I looked around for hidden cameras, but there were none.
They should make rings to commemorate this kind of victory, like a World Series of Discount Shopping.
If you find that they do, please be warned: I don't pay retail.
Comments 7
That is amazing you kept the receipt from way back then. Lol
The receipt is definitely trophy worthy when you score a deal like that.

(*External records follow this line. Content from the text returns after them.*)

(* Let $A=(a_1\ a_2\ a_3)$ be a $1\times 3$ matrix of pairwise distinct positive integers, and let $M$ be a minimal Markov basis for $A$. Then $M$ is distance reducing if and only if $M$ reduces the distance of the circuits of $A$.
   Context: For $z\in\mathbb Z^n$, $z^+,z^-\in\mathbb N^n$ denote the unique vectors with disjoint supports and $z=z^+-z^-$; $\|\cdot\|$ is the $1$-norm. The toric ideal of $A$ is $I_A=\langle x^{u^+}-x^{u^-}: u\in\ker(A)\rangle$, $\ker(A)\subseteq\mathbb Z^n$. A Markov basis is a set $B\subseteq\ker(A)$ such that $\{x^{u^+}-x^{u^-}:u\in B\}$ generates $I_A$; it is minimal if no proper subset is a Markov basis. For nonzero $z\in\ker(A)$ and $u\in\ker(A)$, $u$ reduces the distance of $z$ if there exist $(p,q)\in\{(z^+,z^-),(z^-,z^+)\}$ and $\varepsilon\in\{1,-1\}$ with $p+\varepsilon u\in\mathbb N^n$ and $\|p+\varepsilon u-q\|<\|z\|$. A set $B$ reduces the distance of $Z\subseteq\ker(A)$ if every nonzero $z\in Z$ has its distance reduced by some $u\in B$; $B$ is distance reducing if it reduces the distance of $\ker(A)$. A circuit of $A$ is a nonzero element of $\ker(A)$ whose support has exactly two elements. *)

theory Defs
  imports "HOL-Library.Poly_Mapping" "HOL-Library.Numeral_Type"
begin

type_synonym zvec = "3 \<Rightarrow> int"
type_synonym 'k poly3 = "(3 \<Rightarrow>\<^sub>0 nat) \<Rightarrow>\<^sub>0 'k"

definition pos_part :: "zvec \<Rightarrow> zvec" where
  "pos_part z = (\<lambda>i. max (z i) 0)"

definition neg_part :: "zvec \<Rightarrow> zvec" where
  "neg_part z = (\<lambda>i. max (- z i) 0)"

definition norm1 :: "zvec \<Rightarrow> int" where
  "norm1 z = (\<Sum>i\<in>UNIV. \<bar>z i\<bar>)"

definition monom3 :: "zvec \<Rightarrow> 'k::field poly3" where
  "monom3 v = Poly_Mapping.single (\<Sum>i\<in>UNIV. Poly_Mapping.single i (nat (v i))) 1"

definition binom3 :: "zvec \<Rightarrow> 'k::field poly3" where
  "binom3 u = monom3 (pos_part u) - monom3 (neg_part u)"

definition ideal_gen :: "'a::comm_ring_1 set \<Rightarrow> 'a set" where
  "ideal_gen S = {(\<Sum>s\<in>F. r s * s) | F r. finite F \<and> F \<subseteq> S}"

definition kerA :: "zvec \<Rightarrow> zvec set" where
  "kerA a = {u. (\<Sum>i\<in>UNIV. a i * u i) = 0}"

definition toric_ideal :: "'k::field itself \<Rightarrow> zvec \<Rightarrow> 'k poly3 set" where
  "toric_ideal K a = ideal_gen ((binom3 :: zvec \<Rightarrow> 'k poly3) ` kerA a)"

definition markov_basis :: "'k::field itself \<Rightarrow> zvec \<Rightarrow> zvec set \<Rightarrow> bool" where
  "markov_basis K a B \<longleftrightarrow> B \<subseteq> kerA a \<and>
     ideal_gen ((binom3 :: zvec \<Rightarrow> 'k poly3) ` B) = toric_ideal K a"

definition minimal_markov_basis :: "'k::field itself \<Rightarrow> zvec \<Rightarrow> zvec set \<Rightarrow> bool" where
  "minimal_markov_basis K a B \<longleftrightarrow> markov_basis K a B \<and>
     (\<forall>B'. B' \<subset> B \<longrightarrow> \<not> markov_basis K a B')"

definition reduces_distance :: "zvec \<Rightarrow> zvec \<Rightarrow> bool" where
  "reduces_distance u z \<longleftrightarrow>
     (\<exists>(p, q) \<in> {(pos_part z, neg_part z), (neg_part z, pos_part z)}.
      \<exists>\<epsilon> \<in> {1, -1::int}.
        (\<forall>i. 0 \<le> p i + \<epsilon> * u i) \<and>
        norm1 (\<lambda>i. p i + \<epsilon> * u i - q i) < norm1 z)"

definition reduces_distance_of :: "zvec set \<Rightarrow> zvec set \<Rightarrow> bool" where
  "reduces_distance_of B Z \<longleftrightarrow> (\<forall>z\<in>Z. z \<noteq> (\<lambda>_. 0) \<longrightarrow> (\<exists>u\<in>B. reduces_distance u z))"

definition distance_reducing :: "zvec \<Rightarrow> zvec set \<Rightarrow> bool" where
  "distance_reducing a B \<longleftrightarrow> reduces_distance_of B (kerA a)"

definition circuits :: "zvec \<Rightarrow> zvec set" where
  "circuits a = {z \<in> kerA a. z \<noteq> (\<lambda>_. 0) \<and> card {i. z i \<noteq> 0} = 2}"

end

theory Submission
  imports Defs HOL.Modules "HOL-Library.Function_Algebras"
begin

text \<open>
  A minimal Markov basis \<open>M\<close> connects every fiber \<open>{x \<ge> 0. A x = b}\<close>, while for \<open>m \<in> M\<close> the
  points \<open>m\<^sup>+\<close> and \<open>m\<^sup>-\<close> are not connected by \<open>M - {m}\<close>. Two points of the fiber of \<open>m\<close>
  sharing a support coordinate are connected without \<open>m\<close>: removing that unit vector leads to a
  lower fiber, where \<open>m\<close> does not fit. So no point of that fiber meets both \<open>supp m\<^sup>+\<close> and
  \<open>supp m\<^sup>-\<close>, and this rigidity drives the whole argument.

  A nonzero kernel vector with a zero coordinate is a circuit. Otherwise, up to sign and a
  permutation, \<open>z\<^sub>1, z\<^sub>2 > 0 > z\<^sub>3\<close>. If \<open>a\<^sub>3 \<le> z\<^sub>2\<close> (or \<open>a\<^sub>3 \<le> z\<^sub>1\<close>), the circuit
  \<open>(0, a\<^sub>3, -a\<^sub>2)\<close> (or \<open>(a\<^sub>3, 0, -a\<^sub>1)\<close>) is conformal to \<open>z\<close>, and whatever reduces it
  reduces \<open>z\<close>. Otherwise take the first move \<open>v\<close> of a walk from \<open>z\<^sup>-\<close> to \<open>z\<^sup>+\<close>: either \<open>v\<close>
  is conformal to \<open>z\<close> and reduces it, or \<open>v\<close> overshoots \<open>z\<^sub>1\<close> (or \<open>z\<^sub>2\<close>), and then the rigidity
  bounds every basis move so tightly that a move reducing the circuit also reduces \<open>z\<close>.
\<close>

section \<open>Fibers and moves\<close>

definition degA :: "zvec \<Rightarrow> zvec \<Rightarrow> int" where
  "degA a x = (\<Sum>i\<in>UNIV. a i * x i)"

lemma degA_add: "degA a (x + y) = degA a x + degA a y"
  by (simp add: degA_def distrib_left sum.distrib)

lemma degA_diff: "degA a (x - y) = degA a x - degA a y"
  by (simp add: degA_def right_diff_distrib sum_subtractf)

lemma degA_mono: "0 \<le> a \<Longrightarrow> x \<le> y \<Longrightarrow> degA a x \<le> degA a y"
  unfolding degA_def le_fun_def by (intro sum_mono) (simp add: mult_left_mono)

lemma kerA_iff_degA: "u \<in> kerA a \<longleftrightarrow> degA a u = 0"
  by (simp add: kerA_def degA_def)

lemma uminus_in_kerA: "u \<in> kerA a \<Longrightarrow> - u \<in> kerA a"
  by (simp add: kerA_def sum_negf)

lemma kerA_nonneg_eq_0:
  assumes "\<And>l. 0 < a l" "u \<in> kerA a" "0 \<le> u"
  shows "u = 0"
proof
  fix l
  have "\<forall>l\<in>UNIV. a l * u l = 0"
    using assms
    by (subst sum_nonneg_eq_0_iff[symmetric]) (auto simp: kerA_def le_fun_def less_imp_le)
  then show "u l = 0 l"
    using assms(1)[of l] by (metis less_irrefl mult_eq_0_iff UNIV_I zero_fun_apply)
qed

lemma pos_part_apply: "pos_part z l = max (z l) 0"
  by (simp add: pos_part_def)

lemma neg_part_apply: "neg_part z l = max (- z l) 0"
  by (simp add: neg_part_def)

lemma pos_part_nonneg [simp]: "0 \<le> pos_part z"
  by (simp add: pos_part_def le_fun_def)

lemma neg_part_nonneg [simp]: "0 \<le> neg_part z"
  by (simp add: neg_part_def le_fun_def)

lemma pos_part_minus_neg_part: "pos_part z - neg_part z = z"
  by (simp add: pos_part_def neg_part_def fun_eq_iff max_def)

lemma pos_part_uminus [simp]: "pos_part (- z) = neg_part z"
  by (simp add: pos_part_def neg_part_def fun_eq_iff)

lemma neg_part_uminus [simp]: "neg_part (- z) = pos_part z"
  by (simp add: pos_part_def neg_part_def fun_eq_iff)

lemma neg_part_add_self: "neg_part v + v = pos_part v"
  by (simp add: pos_part_def neg_part_def fun_eq_iff max_def)

lemma degA_pos_part_eq_neg_part: "u \<in> kerA a \<Longrightarrow> degA a (pos_part u) = degA a (neg_part u)"
  using degA_diff[of a "pos_part u" "neg_part u"] by (simp add: pos_part_minus_neg_part kerA_iff_degA)

lemma neg_part_le_if_nonneg_add: "0 \<le> x \<Longrightarrow> 0 \<le> x + u \<Longrightarrow> neg_part u \<le> x"
  unfolding le_fun_def neg_part_def by (simp add: add.commute add_nonneg_eq_0_iff) (smt (verit))

definition moves :: "zvec set \<Rightarrow> (zvec \<times> zvec) set" where
  "moves S = {(x, y). 0 \<le> x \<and> 0 \<le> y \<and> (\<exists>u\<in>S. y = x + u \<or> y = x - u)}"

abbreviation connected_by :: "zvec set \<Rightarrow> zvec \<Rightarrow> zvec \<Rightarrow> bool" where
  "connected_by S x y \<equiv> (x, y) \<in> (moves S)\<^sup>*"

lemma moves_iff: "(x, y) \<in> moves S \<longleftrightarrow> 0 \<le> x \<and> (\<exists>u\<in>S. \<exists>v\<in>{u, - u}. 0 \<le> x + v \<and> y = x + v)"
  unfolding moves_def by auto

lemma connected_by_move:
  "u \<in> S \<Longrightarrow> v \<in> {u, - u} \<Longrightarrow> 0 \<le> x \<Longrightarrow> 0 \<le> x + v \<Longrightarrow> connected_by S x (x + v)"
  by (rule r_into_rtrancl) (auto simp: moves_iff)

lemma connected_by_sym: "connected_by S x y \<Longrightarrow> connected_by S y x"
proof (induction rule: rtrancl_induct)
  case (step y z)
  then have "(z, y) \<in> moves S" by (auto simp: moves_def)
  then show ?case using step.IH by (rule converse_rtrancl_into_rtrancl)
qed simp

lemma connected_by_mono: "S \<subseteq> T \<Longrightarrow> connected_by S x y \<Longrightarrow> connected_by T x y"
  by (rule rtrancl_mono[THEN subsetD]) (auto simp: moves_def)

It is funny because even now when I go into my clothing store of choice (Kohls) I head to the discount rack myself and can get some great clothing for 80% off. That plus additional coupons can get me some really nice polo shirts in the 3-8 dollar range when original prices are usually $45 or higher.
Author
A man after my own heart – admirable use of the Kohl’s coupon multiplier effect (my wife gets the mail discount, and when it hits 30%, off goes our trigger to re-up on kids’ clothing). More friends and family have seen my penny pants receipt than my college diploma, which in retrospect could be a form of social commentary. To whet your appetite further, if you acquire insider knowledge of the local thrift stores, those Polo shirts can run a buck or two apiece!
Thanks for stopping by,
CD
Win! There is a whole sub-culture that subsists on this kind of deal making, they are called couponers. My wife has dabbled. She could go shopping with her pre-planned scheme , put $200 worth of stuff in her cart and come home 5 bux richer than when she left. It was very much like high stakes poker you had to pair and sequence your deals to maximize your “profit” and understand the odds. I have about 10 years of free deodorant on the shelf to prove it! She was on the board of a couple “sharing centers” around here that served needier folks and was always coming up with schemes to pass the loot from the haves to the have nots that didn’t involve the government and confiscation. My mom worked a thrift store run by our church and they would get pretty good stuff, the area the store served abutted a rural ghetto. Kids would come and go home with a toy for a dime if mom was manning the counter. I knew a guy who fed homeless Vets with this coupon scheme. He didn’t feed them a great well balanced meal but things like Lance crackers. He knew how to multiply 5 bucks into 20x that in food which he would then take out in the country to a Vet encampment a few miles north of me and the boys living out there in the bush had crackers or what ever else he could scrounge up for them. My daughter copped a bunch of jeans being thrown out by Walmart all different sizes brand new maybe 100 pair and she figured out a way to get them to some kids who had nothing, but after she stopped by they had new jeans. My neighbor had a small herd of goats. My kids would go to the grocer at the Publix and get bags of out of date produce for free, and ride their bikes down to feed the goats. The goats would get pregnant and as they fed them and named them they would watch the whole story of life unfold before them. It’s a whole different take on “economy”.
Author
When you can channel a pleasure out of proportion activity (especially a talent that might otherwise augment your least financially healthy consumerist tendencies) and make the beneficiaries of that talent folks in need, it’s brilliant. I need to borrow from the playbook of your family members, and figure out how to turn my love of the good deal into a love of the good deed.
Time for me to follow some of those examples.
-CD
Wait a minute. What’s the catch? Why did it ring up $0.01. Maybe it was a mistake in the bar code? Was that the advertised price?
Anyway, great deal
That is awesome Crispy Doc! The best pair of work pants that I ever got were water repellent dress pants from a Work Warehouse. Cost: Forty bucks. Watching the inadvertent artline insertion squirtage bead and roll right off. Priceless.
I do the hospital greens now too. Best part is that I can leave them at the hospital to get washed. Second best part is that I don’t have to strip in the garage and get the hospital germs hosed off before entering the house anymore. Winters were chilly.
-LD
Author
I can envision those pulsatile emissions from the a-line vividly. The joy that good gear brings is one of my pleasures out of proportion.
What were you and I ever thinking to wear dress pants to work when scrubs get the job done?